Coffee pricing is constantly changing, but with recent futures market lows driving producers to extremes, it may be time for the concretization of alternative pricing strategies. By Rachel Northrop

In 2018, the term “coffee price” was often paired with the descriptor “crisis.” The Arabica futures trading price of coffee, commonly referred to as the C market, spent significant periods trading below USD $1.00/lb in August-September and December of last year, a threshold that drew close attention to how coffee is valued, how that value is priced, and how these cash amounts impact various supply chain stakeholders.

Focus on Producer Livelihoods

In October, the Colombian Coffee Growers Federation (FNC) based in Bogotá, circulated a letter drafted and signed by the leaders of seven coffee-producer groups around the globe. The letter, fruition in part of ideas incubated at the first World Coffee Producer Forum held in Medellin, Colombia, in July of 2017, identified coffee prices as “behaving in a way that is every day more and more damaging to farmers,” and called for “serious discussion and joint actions between the industry and producers to find ways to guarantee economic sustainability of coffee growers by increasing their income.”

But in late October and November 2018, C market prices rallied to above $1.20/lb, effectively edging the concerns of producers out of the industry’s larger consciousness.

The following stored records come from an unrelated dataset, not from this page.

lemma coh_eq:
  assumes "\<alpha> \<noteq> 0" "\<sigma> \<noteq> 0"
  shows "coh \<alpha> \<sigma> z m = exp (- z / of_real \<alpha>) * (1 + of_real \<alpha> * z / of_real \<sigma>) ^ m"
proof -
  define w where "w = z / of_real \<sigma>"
  define a :: complex where "a = of_real (- \<sigma> / \<alpha>)"
  define A where "A j = (w * a) ^ j /\<^sub>R fact j" for j
  define B where "B k = of_nat (m choose k) * (of_real \<alpha> * w) ^ k" for k
  have "z ^ n / of_real (fact n * \<sigma> ^ n) * restr \<alpha> (cpoly \<alpha> \<sigma> n) m = (\<Sum>k\<le>n. B k * A (n - k))" for n
  proof -
    have "z ^ n / of_real (fact n * \<sigma> ^ n) * restr \<alpha> (cpoly \<alpha> \<sigma> n) m
        = (\<Sum>k\<le>n. w ^ n / fact n * (of_nat (n choose k) * a ^ (n - k) * (of_real \<alpha> ^ k * fact k * of_nat (m choose k))))"
      unfolding restr_def cpoly_eq_sum_falling_poly poly_sum poly_smult poly_falling_poly_lattice sum_distrib_left
      by (simp add: w_def a_def power_divide mult.commute)
    also have "\<dots> = (\<Sum>k\<le>n. B k * A (n - k))"
    proof (intro sum.cong refl)
      fix k assume "k \<in> {..n}"
      then have "k \<le> n" by simp
      then have "of_nat (n choose k) = (fact n / (fact k * fact (n - k)) :: complex)"
        and "w ^ n = w ^ k * w ^ (n - k)"
        by (simp_all add: binomial_fact flip: power_add)
      then show "w ^ n / fact n * (of_nat (n choose k) * a ^ (n - k) * (of_real \<alpha> ^ k * fact k * of_nat (m choose k)))
          = B k * A (n - k)"
        unfolding A_def B_def by (simp add: field_simps power_mult_distrib scaleR_conv_of_real)
    qed
    finally show ?thesis .
  qed
  moreover have "(\<lambda>n. \<Sum>k\<le>n. B k * A (n - k)) sums (suminf B * suminf A)"
  proof (rule Cauchy_product_sums)
    show "summable (\<lambda>k. norm (B k))"
      by (rule summable_finite[of "{..m}"]) (auto simp: B_def binomial_eq_0)
    show "summable (\<lambda>j. norm (A j))"
      unfolding A_def by (rule summable_norm_exp)
  qed
  moreover have "suminf B = (1 + of_real \<alpha> * z / of_real \<sigma>) ^ m"
  proof -
    have "B sums (\<Sum>k\<le>m. B k)"
      by (rule sums_finite) (auto simp: B_def binomial_eq_0)
    then show ?thesis
      unfolding B_def w_def by (simp add: sums_iff sum_binomial_truncated)
  qed
  moreover have "suminf A = exp (- z / of_real \<alpha>)"
  proof -
    have "w * a = - z / of_real \<alpha>"
      using assms by (simp add: w_def a_def)
    then show ?thesis
      unfolding A_def using exp_converges sums_unique by metis
  qed
  ultimately show ?thesis
    unfolding coh_def by (simp add: sums_iff mult.commute)
qed
lemma finite_mat_le: "finite {A. mat_le A M}"
proof -
  define K where "K = List.product [0..<rows M] [0..<cols M]"
  define h where "h A = map (\<lambda>(i, j). entry A i j) K" for A
  have "inj_on h {A. mat_le A M}"
  proof (rule inj_onI)
    fix A B assume A: "A \<in> {A. mat_le A M}" and B: "B \<in> {A. mat_le A M}" and "h A = h B"
    show "A = B"
    proof (rule mat_eqI)
      show "rows A = rows B" "cols A = cols B" using A B by (auto simp: mat_le_def same_shape_def)
      fix i j assume "i < rows A" "j < cols A"
      then have "(i, j) \<in> set K" using A by (auto simp: K_def mat_le_def same_shape_def)
      then show "entry A i j = entry B i j" using \<open>h A = h B\<close> by (auto simp: h_def map_eq_conv)
    qed
  qed
  moreover have "h ` {A. mat_le A M} \<subseteq> {xs. set xs \<subseteq> {..weight M} \<and> length xs \<le> length K}"
    by (auto simp: h_def mat_le_def) (metis entry_le_weight le_trans)
  then have "finite (h ` {A. mat_le A M})"
    using finite_lists_length_le[of "{..weight M}"] finite_subset by blast
  ultimately show ?thesis using finite_imageD by blast
qed

lemma finite_compositions: "finite (compositions M)"
proof -
  have "length xs \<le> (\<Sum>A\<leftarrow>xs. weight A)" if "\<forall>A\<in>set xs. 0 < weight A" for xs
    using that by (induction xs) auto
  then have "compositions M \<subseteq> {xs. set xs \<subseteq> {A. mat_le A M} \<and> length xs \<le> weight M}"
    using mat_le_if_in_sum_decomps weight_sum_decomps by (fastforce simp: compositions_def)
  then show ?thesis using finite_lists_length_le[OF finite_mat_le] finite_subset by blast
qed

lemma finite_splits: "finite (splits M)"
proof -
  have "splits M \<subseteq> {A. mat_le A M} \<times> {A. mat_le A M}"
    using splits_iff_sum_decomps mat_le_if_in_sum_decomps by fastforce
  then show ?thesis using finite_mat_le finite_subset by blast
qed

text \<open>Note \<open>pack M = restrict_nz M M\<close>; \<open>extend_nz M\<close> inverts \<open>restrict_nz M\<close> on matrices below \<open>M\<close>.\<close>

definition restrict_nz :: "mat \<Rightarrow> mat \<Rightarrow> mat" where
  "restrict_nz M A = mk_mat (length (row_list M)) (length (col_list M))
     (\<lambda>a b. entry A (row_list M ! a) (col_list M ! b))"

The most visible serious discussion and joint action has been the Specialty Coffee Association’s (SCA) December announcement of the Coffee Price Crisis Response Initiative, an effort led by the Santa Ana, California and Essex, England-based association’s former executive director Ric Rhinehart that, to date, has been focused on researching the crisis’ legacy and discussing, via webinars with members, possible future models for farmer profitability.

“The past year is a stark reminder of the disconnection between world market price and local costs of production,” Sara Morrocchi, of Vuna Origin Consulting in Amsterdam told Tea & Coffee Trade Journal. “Whether world market prices are driven by laws of supply and demand or by investors’ speculation through managed money, or a combination of the two, these prices no longer reflect the true cost of a pound of green beans.”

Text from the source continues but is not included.